К тому времени я оставил Больницу позади и снова направился к реке; в считанные мгновения я очутился на Вестминстерском мосту, услаждая свой взор бездомного наружными стенами Британского парламента — вершины грандиозного установления, знаю, и предмета восхищения всех окрестных народов и грядущих веков, не сомневаюсь, но, пожалуй, временами отнюдь не излишне подстегиваемого к работе. Свернув на Олд-Палас-ярд, я с четверть часа коротал время в обществе судов; они низким шепотом намекали на то, скольких людей они лишают сна и как невыносимо жалко и ужасно делают они часы перед рассветом для несчастных истцов. Вестминстерское аббатство составило мне прекрасное мрачное общество еще на четверть часа; оно навевало мысли о дивной процессии своих мертвецов меж темных арок и колонн, где каждое столетие изумлено веком последующим пуще всех веков предыдущих. И поистине в тех бездомных ночных прогулках — что даже захватывали кладбища, где ночные сторожа обходили в назначенные часы могилы и сдвигали контрольную ручку указателя, фиксировавшего их прикосновение в такой-то час — тягостной мыслью вставало то, сколь огромные сонмища мертвецов принадлежат одному старому великому городу и как, воскресни они, пока живые спят, на всех улицах и дорогах не осталось бы места и для булавочного укола, чтобы живые могли выйти наружу. Мало того, бесчисленные армии мертвецов перелились бы через холмы и долины за пределами города и протянулись бы вокруг него — одному богу ведомо насколько далеко.

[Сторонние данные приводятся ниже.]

(* Let $\Gamma_n$ ($n\in\mathbb N$) be a sequence of nonatomic routing games on a fixed graph with fixed OD pairs $\mathcal I$, path sets $\mathcal P^i$ and edge costs $(c_e)_{e\in\mathcal E}$, where in $\Gamma_n$ OD pair $i$ has demand $m_n^i\ge 0$ and total inflow $M_n=\sum_i m_n^i>0$, with $M_n\to\omega\in\{0,\infty\}$. Let $c$ be a benchmark for $(c_e)$ at $\omega$ and suppose every OD pair is tight relative to $c$, i.e. $0<\alpha^i<\infty$ for all $i$, where $\alpha^i=\min_{p\in\mathcal P^i}\max_{e\in p}\alpha_e$ and $\alpha_e=\lim_{x\to\omega}c_e(x)/c(x)$. Then $\mathrm{PoA}(\Gamma_n)\to 1$.
   Context: A nonatomic routing game consists of: a finite directed multigraph with edge set $\mathcal E$; a finite set $\mathcal I$ of OD pairs, each $i$ with demand $m^i\ge 0$ and a nonempty finite set $\mathcal P^i$ of paths from its origin to its destination, the $\mathcal P^i$ pairwise disjoint, $\mathcal P=\bigcup_i\mathcal P^i$; and continuous nondecreasing edge costs $c_e:[0,\infty)\to[0,\infty)$. Feasible flows: $f\in\mathbb R_+^{\mathcal P}$ with $\sum_{p\in\mathcal P^i}f_p=m^i$; loads $x_e=\sum_{p\ni e}f_p$; path costs $c_p(f)=\sum_{e\in p}c_e(x_e)$. A Wardrop equilibrium is a feasible $f^*$ with $c_p(f^* )\le c_{p'}(f^* )$ whenever $p,p'\in\mathcal P^i$, $f^*_p>0$. Social cost $L(x)=\sum_e x_ec_e(x_e)$; $\mathrm{Opt}$ its minimum over feasible loads, $\mathrm{Eq}=L(x^* )$ at an equilibrium load, $\mathrm{PoA}=\mathrm{Eq}/\mathrm{Opt}$ (set to $1$ if $\mathrm{Opt}=0$). A function $g:(0,\infty)\to(0,\infty)$ is regularly varying at $\omega$ if $\lim_{t\to\omega}g(tx)/g(t)$ is finite and nonzero for every $x>0$; a regularly varying (at $\omega$) function $c$ is a benchmark for $(c_e)$ at $\omega$ if $\alpha_e=\lim_{x\to\omega}c_e(x)/c(x)\in[0,\infty]$ exists for every edge $e$. *)

theory Defs
  imports "HOL-Analysis.Analysis"
begin
lemma finite_sign_matrices: "finite (sign_matrices n m)"
proof -
  let ?D = "{1..n} \<times> {0..<m}"
  have "sign_matrices n m \<subseteq> curry ` {f. \<forall>p. (p \<in> ?D \<longrightarrow> f p \<in> {-1, 1}) \<and> (p \<notin> ?D \<longrightarrow> f p = 1)}"
  proof
    fix \<sigma> assume "\<sigma> \<in> sign_matrices n m"
    then have "case_prod \<sigma> \<in> {f. \<forall>p. (p \<in> ?D \<longrightarrow> f p \<in> {-1, 1}) \<and> (p \<notin> ?D \<longrightarrow> f p = 1)}"
      unfolding sign_matrices_def by fastforce
    then show "\<sigma> \<in> curry ` {f. \<forall>p. (p \<in> ?D \<longrightarrow> f p \<in> {-1, 1}) \<and> (p \<notin> ?D \<longrightarrow> f p = 1)}"
      by (rule rev_image_eqI) simp
  qed
  then show ?thesis
    by (rule finite_subset) (intro finite_imageI finite_set_of_finite_funs; simp)
qed

lemma permute_columns_sign_matrices:
  assumes "\<tau> permutes {0..<m}" and "\<sigma> \<in> sign_matrices n m"
  shows "(\<lambda>i j. \<sigma> i (\<tau> j)) \<in> sign_matrices n m"
proof -
  have "\<tau> j < m \<longleftrightarrow> j < m" for j
    using permutes_in_image[OF assms(1), of j] by simp
  with assms(2) show ?thesis
    unfolding sign_matrices_def by fastforce
qed

lemma card_tiebreak_rank_greater_sign_matrices:
  assumes "r \<le> m"
  shows "m * card {t \<in> sign_matrices n m \<times> {\<pi>. \<pi> permutes {0..<m}}.
                   m - r < tiebreak_rank m (column_refvar n k \<mu> x (fst t)) (snd t) 0}
         = r * card (sign_matrices n m \<times> {\<pi>. \<pi> permutes {0..<m}})"
proof -
  let ?T = "sign_matrices n m \<times> {\<pi>. \<pi> permutes {0..<m}}"
  define h :: "nat \<Rightarrow> (nat \<Rightarrow> nat \<Rightarrow> real) \<times> (nat \<Rightarrow> nat) \<Rightarrow> _"
    where "h c = (\<lambda>(\<sigma>, \<pi>). (\<lambda>i j. \<sigma> i (Transposition.transpose 0 c j), \<pi> \<circ> Transposition.transpose 0 c))"
    for c :: nat
  have \<tau>: "Transposition.transpose 0 c permutes {0..<m}" if "c < m" for c
    using that by (intro permutes_swap_id) auto
  have "bij_betw (h c) ?T ?T" if "c < m" for c
    using \<tau>[OF that] by (intro bij_betw_byWitness[where f' = "h c"])
      (auto simp: h_def comp_assoc intro: permute_columns_sign_matrices permutes_compose)
  moreover have "tiebreak_rank m (column_refvar n k \<mu> x (fst (h c t))) (snd (h c t)) 0
      = tiebreak_rank m (column_refvar n k \<mu> x (fst t)) (snd t) c" if "c < m" for c t
  proof -
    have "column_refvar n k \<mu> x (fst (h c t)) = column_refvar n k \<mu> x (fst t) \<circ> Transposition.transpose 0 c"
      by (auto simp: h_def column_refvar_def split: prod.split)
    then show ?thesis
      using tiebreak_rank_permute[OF \<tau>[OF that], of 0] that by (auto simp: h_def split: prod.split)
  qed
  ultimately show ?thesis
    using assms finite_sign_matrices
    by (intro card_tiebreak_rank_greater_exchangeable[where h = h]) (auto simp: permutes_inj_on finite_permutations)
qed

definition sign_vectors :: "nat \<Rightarrow> (nat \<Rightarrow> real) set" where
  "sign_vectors n = {\<epsilon>. \<forall>i. \<epsilon> i \<in> {-1, 1} \<and> (\<epsilon> i \<noteq> 1 \<longrightarrow> i \<in> {1..n})}"

definition resampling_signs :: "nat \<Rightarrow> nat \<Rightarrow> (nat \<Rightarrow> nat \<Rightarrow> real) set" where
  "resampling_signs n m = {\<alpha>. \<forall>i j. \<alpha> i j \<in> {-1, 1} \<and> (\<alpha> i j \<noteq> 1 \<longrightarrow> i \<in> {1..n} \<and> j \<in> {1..m-1})}"

(* Reflecting a sample by \<epsilon> and then resampling it with column j of \<alpha> is reflecting it by column j
   of combine_signs m \<epsilon> \<alpha>; column 0 is \<epsilon> itself since \<alpha> i 0 = 1. *)
definition combine_signs :: "nat \<Rightarrow> (nat \<Rightarrow> real) \<Rightarrow> (nat \<Rightarrow> nat \<Rightarrow> real) \<Rightarrow> nat \<Rightarrow> nat \<Rightarrow> real" where
  "combine_signs m \<epsilon> \<alpha> i j = (if j < m then \<epsilon> i * \<alpha> i j else 1)"

lemma rand_space_eq: "rand_space n m = resampling_signs n m \<times> {\<pi>. \<pi> permutes {0..<m}}"
  unfolding rand_space_def resampling_signs_def ..

lemma sign_vectors_square:
  assumes "\<epsilon> \<in> sign_vectors n"
  shows "\<epsilon> i * \<epsilon> i = 1"
proof -
  have "\<epsilon> i \<in> {-1, 1}"
    using assms unfolding sign_vectors_def by blast
  then show ?thesis
    by auto
qed

lemma sign_matrices_square:
  assumes "\<sigma> \<in> sign_matrices n m"
  shows "\<sigma> i j * \<sigma> i j = 1"
proof -
  have "\<sigma> i j \<in> {-1, 1}"
    using assms unfolding sign_matrices_def by blast
  then show ?thesis
    by auto
qed

lemma sign_matrices_trivial_column: "\<sigma> \<in> sign_matrices n m \<Longrightarrow> m \<le> j \<Longrightarrow> \<sigma> i j = 1"
  unfolding sign_matrices_def by fastforce

lemma resampling_signs_trivial_column:
  "\<alpha> \<in> resampling_signs n m \<Longrightarrow> j = 0 \<or> m \<le> j \<Longrightarrow> \<alpha> i j = 1"
  unfolding resampling_signs_def by fastforce

lemma combine_signs_in_sign_matrices:
  assumes "\<epsilon> \<in> sign_vectors n" and "\<alpha> \<in> resampling_signs n m"
  shows "combine_signs m \<epsilon> \<alpha> \<in> sign_matrices n m"
  unfolding sign_matrices_def
proof (intro CollectI allI conjI impI)
  fix i j
  have \<epsilon>: "\<epsilon> i \<in> {-1, 1}" "\<epsilon> i \<noteq> 1 \<longrightarrow> i \<in> {1..n}"
    and \<alpha>: "\<alpha> i j \<in> {-1, 1}" "\<alpha> i j \<noteq> 1 \<longrightarrow> i \<in> {1..n}"
    using assms unfolding sign_vectors_def resampling_signs_def by blast+
  then show "combine_signs m \<epsilon> \<alpha> i j \<in> {-1, 1}"
    unfolding combine_signs_def by auto
  assume "combine_signs m \<epsilon> \<alpha> i j \<noteq> 1"
  with \<epsilon> \<alpha> show "i \<in> {1..n}" and "j < m"
    unfolding combine_signs_def by (auto split: if_splits)
qed

lemma split_sign_matrix:
  assumes "\<sigma> \<in> sign_matrices n m" and "0 < m"
  shows "(\<lambda>i. \<sigma> i 0) \<in> sign_vectors n"
    and "(\<lambda>i j. if j < m then \<sigma> i 0 * \<sigma> i j else 1) \<in> resampling_signs n m"
proof -
  have \<sigma>: "\<sigma> i j \<in> {-1, 1}" "\<sigma> i j \<noteq> 1 \<longrightarrow> i \<in> {1..n} \<and> j < m" for i j
    using assms(1) unfolding sign_matrices_def by blast+
  then show "(\<lambda>i. \<sigma> i 0) \<in> sign_vectors n"
    unfolding sign_vectors_def by blast
  show "(\<lambda>i j. if j < m then \<sigma> i 0 * \<sigma> i j else 1) \<in> resampling_signs n m"
    unfolding resampling_signs_def
  proof (intro CollectI allI conjI impI)
    fix i j
    show "(if j < m then \<sigma> i 0 * \<sigma> i j else 1) \<in> {-1, 1}"
      using \<sigma>(1)[of i 0] \<sigma>(1)[of i j] by auto
    assume ne: "(if j < m then \<sigma> i 0 * \<sigma> i j else 1) \<noteq> 1"
    show "i \<in> {1..n}"
      using ne \<sigma>(2)[of i 0] \<sigma>(2)[of i j] by (auto split: if_splits)
    have "j \<noteq> 0"
      using ne sign_matrices_square[OF assms(1), of i 0] by (cases j) (auto split: if_splits)
    with ne show "j \<in> {1..m - 1}"
      by (auto split: if_splits)
  qed
qed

Когда глухой ночью церковные часы бьют для бездомных ушей, поначалу этот бой можно принять за компанию и приветствовать как таковую. Но по мере того, как расходящиеся круги вибрации, отчетливо различимые в такие минуты, расходятся все шире и шире — возможно, вечно расширяясь (как предполагал философ) в бесконечном пространстве, — заблуждение рассеивается, а чувство одиночества становится еще глубже. Однажды — дело было после того, как я покинул Аббатство и повернул на север, — я подошел к высоким ступеням церкви св. Мартина как раз в тот момент, когда часы били три. Внезапно нечто такое, на что спустя долю секунды я наступил бы, не заметив, поднялось у моих ног с криком одиночества и бездомности, выбитым из этого существа колокольным звоном, подобного которому я никогда не слыхивал. Мы стояли лицом к лицу, глядя друг на друга, испуганные друг другом. Создание это напоминало юношу лет двадцати с нависшими бровями и заячьей губой, и на нем болтался узел лохмотьев, который оно придерживало одной рукой. Его била крупная дрожь, зубы стучали, и пока оно пялилось на меня — гонителя, дьявола, призрака, кем бы оно меня ни воображало, — оно делало своим ноющим ртом движения, словно щелкало на меня зубами, как затравленная собака. Намереваясь дать этому безобразному созданию денег, я протянул руку, чтобы удержать его — ибо оно отшатнулось, скуля и щелкая зубами, — и положил руку ему на плечо. Мгновенно оно выскользнуло из своей одежды, точно юноша из Новозаветной притчи, и оставило меня стоять в одиночестве с его лохмотьями в руках.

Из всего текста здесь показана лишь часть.